A series of circles representing different fields of view can be added
around the telescope marker. This is a relic from the times before the
Oculars plug-in (see~\ref{sec:plugins:Oculars}) existed.

Activate the 'Use field of view indicators' option, then enter
a list of values separated with commas in the field below. The values
are interpreted as degrees of arc.

These marks can be used in combination with a virtual telescope to
display a moving reticle with the Telrad circles.


\subsubsection{'Slew telescope to' window}

The \menu{Slew telescope to} window can be opened by pressing \keys{\ctrl+0} or the respective button in the bottom toolbar.

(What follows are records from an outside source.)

(* Let $\alpha_1,\dots,\alpha_K\in\mathbb R^d\setminus\{0\}$ be distinct and $\gamma_1,\dots,\gamma_M>0$ ($M\le K$). Then there is at most one vector $\hat\theta\in\mathbb R^d$ with the following properties: (i) $\alpha_k^{T}\hat\theta=\gamma_k$ for $k=1,\dots,M$; (ii) there exists $\{\alpha_{j_1},\dots,\alpha_{j_p}\}\subseteq\{\alpha_{M+1},\dots,\alpha_K\}$ such that (a) $\alpha_1,\dots,\alpha_M,\alpha_{j_1},\dots,\alpha_{j_p}$ are linearly independent; (b) $\hat\theta\in\mathrm{span}\{\alpha_1,\dots,\alpha_M,\alpha_{j_1},\dots,\alpha_{j_p}\}$ and in the expansion of $\hat\theta$ in this basis the coefficient of each $\alpha_{j_m}$, $m=1,\dots,p$, is negative; (c) $\alpha_{j_m}^{T}\hat\theta=0$ for $m=1,\dots,p$; (d) $\alpha^{T}\hat\theta<0$ for every $\alpha\in\{\alpha_{M+1},\dots,\alpha_K\}\setminus\{\alpha_{j_1},\dots,\alpha_{j_p}\}$. (Uniqueness holds even if different vectors use different subsets in (ii).) *)

theory Defs
  imports "HOL-Analysis.Analysis"
begin

text \<open>Vectors alpha_1..alpha_K are indexed by nat, indices 1..K.\<close>

definition good_vector ::
  "(nat \<Rightarrow> 'a::euclidean_space) \<Rightarrow> (nat \<Rightarrow> real) \<Rightarrow> nat \<Rightarrow> nat \<Rightarrow> 'a \<Rightarrow> bool" where
  "good_vector \<alpha> \<gamma> M K \<theta> \<longleftrightarrow>
     (\<forall>k\<in>{1..M}. \<alpha> k \<bullet> \<theta> = \<gamma> k) \<and>
     (\<exists>J. J \<subseteq> {M+1..K} \<and>
        independent (\<alpha> ` ({1..M} \<union> J)) \<and>
        (\<exists>c. \<theta> = (\<Sum>i\<in>{1..M} \<union> J. c i *\<^sub>R \<alpha> i) \<and> (\<forall>j\<in>J. c j < 0)) \<and>
        (\<forall>j\<in>J. \<alpha> j \<bullet> \<theta> = 0) \<and>
        (\<forall>k\<in>{M+1..K} - J. \<alpha> k \<bullet> \<theta> < 0))"

end

theory Submission
  imports Defs
begin

text \<open>Condition (ii) is a KKT certificate: a good vector \<open>\<theta>\<close> lies in the polyhedron
  \<open>P = {x. \<alpha> k \<bullet> x = \<gamma> k for k \<le> M, \<alpha> k \<bullet> x \<le> 0 for M < k \<le> K}\<close>, and writing \<open>\<theta>\<close> as
  a combination of the \<open>\<alpha> k\<close> with nonpositive weights on the active constraints gives
  \<open>\<theta> \<bullet> (x - \<theta>) \<ge> 0\<close> for every \<open>x \<in> P\<close>, i.e. \<open>\<theta>\<close> is the point of \<open>P\<close> of minimal norm.
  Two points of \<open>P\<close> with this property coincide.\<close>

lemma inner_variational_eq:
  fixes x y :: "'a::real_inner"
  assumes "x \<bullet> (y - x) \<ge> 0" and "y \<bullet> (x - y) \<ge> 0"
  shows "x = y"
proof -
  have "(x - y) \<bullet> (x - y) = - (x \<bullet> (y - x)) - y \<bullet> (x - y)"
    by (simp add: inner_diff_left inner_diff_right inner_commute)
  with assms have "(x - y) \<bullet> (x - y) \<le> 0" by linarith
  then have "(x - y) \<bullet> (x - y) = 0" using inner_ge_zero order_antisym by blast
  then show ?thesis by simp
qed

lemma good_vector_feasible:
  assumes "good_vector \<alpha> \<gamma> M K \<theta>"
  shows "\<forall>k\<in>{1..M}. \<alpha> k \<bullet> \<theta> = \<gamma> k" and "\<forall>k\<in>{M+1..K}. \<alpha> k \<bullet> \<theta> \<le> 0"
proof -
  from assms obtain J where "\<forall>k\<in>{1..M}. \<alpha> k \<bullet> \<theta> = \<gamma> k"
    and "\<forall>j\<in>J. \<alpha> j \<bullet> \<theta> = 0" and "\<forall>k\<in>{M+1..K} - J. \<alpha> k \<bullet> \<theta> < 0"
    unfolding good_vector_def by blast
  then show "\<forall>k\<in>{1..M}. \<alpha> k \<bullet> \<theta> = \<gamma> k" and "\<forall>k\<in>{M+1..K}. \<alpha> k \<bullet> \<theta> \<le> 0"
    by (auto intro: less_imp_le)
qed

lemma good_vector_inner_diff_nonneg:
  assumes good: "good_vector \<alpha> \<gamma> M K \<theta>"
    and eq: "\<forall>k\<in>{1..M}. \<alpha> k \<bullet> x = \<gamma> k"
    and le: "\<forall>k\<in>{M+1..K}. \<alpha> k \<bullet> x \<le> 0"
  shows "\<theta> \<bullet> (x - \<theta>) \<ge> 0"
proof -
  from good obtain J c where J: "J \<subseteq> {M+1..K}"
    and \<theta>: "\<theta> = (\<Sum>i\<in>{1..M} \<union> J. c i *\<^sub>R \<alpha> i)" and c_neg: "\<forall>j\<in>J. c j < 0"
    and active: "\<forall>j\<in>J. \<alpha> j \<bullet> \<theta> = 0"
    unfolding good_vector_def by blast
  have "\<theta> \<bullet> (x - \<theta>) = (\<Sum>i\<in>{1..M} \<union> J. c i * (\<alpha> i \<bullet> (x - \<theta>)))"
    by (subst (1) \<theta>) (simp add: inner_sum_left)
  also have "\<dots> \<ge> 0"
  proof (rule sum_nonneg)
    fix i assume i: "i \<in> {1..M} \<union> J"
    show "0 \<le> c i * (\<alpha> i \<bullet> (x - \<theta>))"
    proof (cases "i \<in> {1..M}")
      case True
      then show ?thesis
        using eq good_vector_feasible(1)[OF good] by (simp add: inner_diff_right)
    next
      case False
      with i J have "c i < 0" "\<alpha> i \<bullet> \<theta> = 0" "\<alpha> i \<bullet> x \<le> 0"
        using c_neg active le by auto
      then show ?thesis by (simp add: inner_diff_right mult_nonpos_nonpos)
    qed
  qed
  finally show ?thesis .
qed

theorem lemma3:
  fixes \<alpha> :: "nat \<Rightarrow> 'a::euclidean_space" and \<gamma> :: "nat \<Rightarrow> real" and M K :: nat
  assumes "M \<le> K"
    and "inj_on \<alpha> {1..K}"
    and "\<And>k. k \<in> {1..K} \<Longrightarrow> \<alpha> k \<noteq> 0"
    and "\<And>k. k \<in> {1..M} \<Longrightarrow> \<gamma> k > 0"
  shows "\<forall>\<theta>1 \<theta>2. good_vector \<alpha> \<gamma> M K \<theta>1 \<and> good_vector \<alpha> \<gamma> M K \<theta>2 \<longrightarrow> \<theta>1 = \<theta>2"
proof (intro allI impI)
  fix \<theta>1 \<theta>2 :: 'a
  assume "good_vector \<alpha> \<gamma> M K \<theta>1 \<and> good_vector \<alpha> \<gamma> M K \<theta>2"
  then have g1: "good_vector \<alpha> \<gamma> M K \<theta>1" and g2: "good_vector \<alpha> \<gamma> M K \<theta>2" by simp_all
  show "\<theta>1 = \<theta>2"
  proof (rule inner_variational_eq)
    show "\<theta>1 \<bullet> (\<theta>2 - \<theta>1) \<ge> 0"
      using good_vector_inner_diff_nonneg[OF g1 good_vector_feasible[OF g2]] .
    show "\<theta>2 \<bullet> (\<theta>1 - \<theta>2) \<ge> 0"
      using good_vector_inner_diff_nonneg[OF g2 good_vector_feasible[OF g1]] .
  qed
qed

end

It contains two fields for entering celestial coordinates, selectors
for the preferred format (Hours-Minutes-Seconds,
Degrees-Minutes-Seconds, or Decimal degrees), a drop-down list and two
buttons.

The drop-down list contains the names of the currently connected
devices. If no devices are connected, it will remain empty, and the
\button{Slew} button will be disabled.

Pressing the \button{Slew} button slews the selected device to the selected set
of coordinates. See the section about keyboard commands below for
other ways of controlling the device.

Pressing the \button{Configure telescopes\ldots} button opens the main window of
the plug-in.

TIP: Inside the 'Slew' window, underlined letters indicate that
pressing \keys{\Alt + underlined letter} can be used instead of
clicking. For example, pressing \keys{\Alt+S} is equivalent to
clicking the \button{Slew} button, pressing \keys{\Alt+E} switches to
decimal degree format, etc.


\subsubsection{Sending commands}

Once a telescope is successfully started/connected, Stellarium
displays a telescope reticle labelled with the telescope's name on its
current position in the sky. The reticle is an object like every other
in Stellarium - it can be selected with the mouse, it can be tracked
and it appears as an object in the 'Search' window.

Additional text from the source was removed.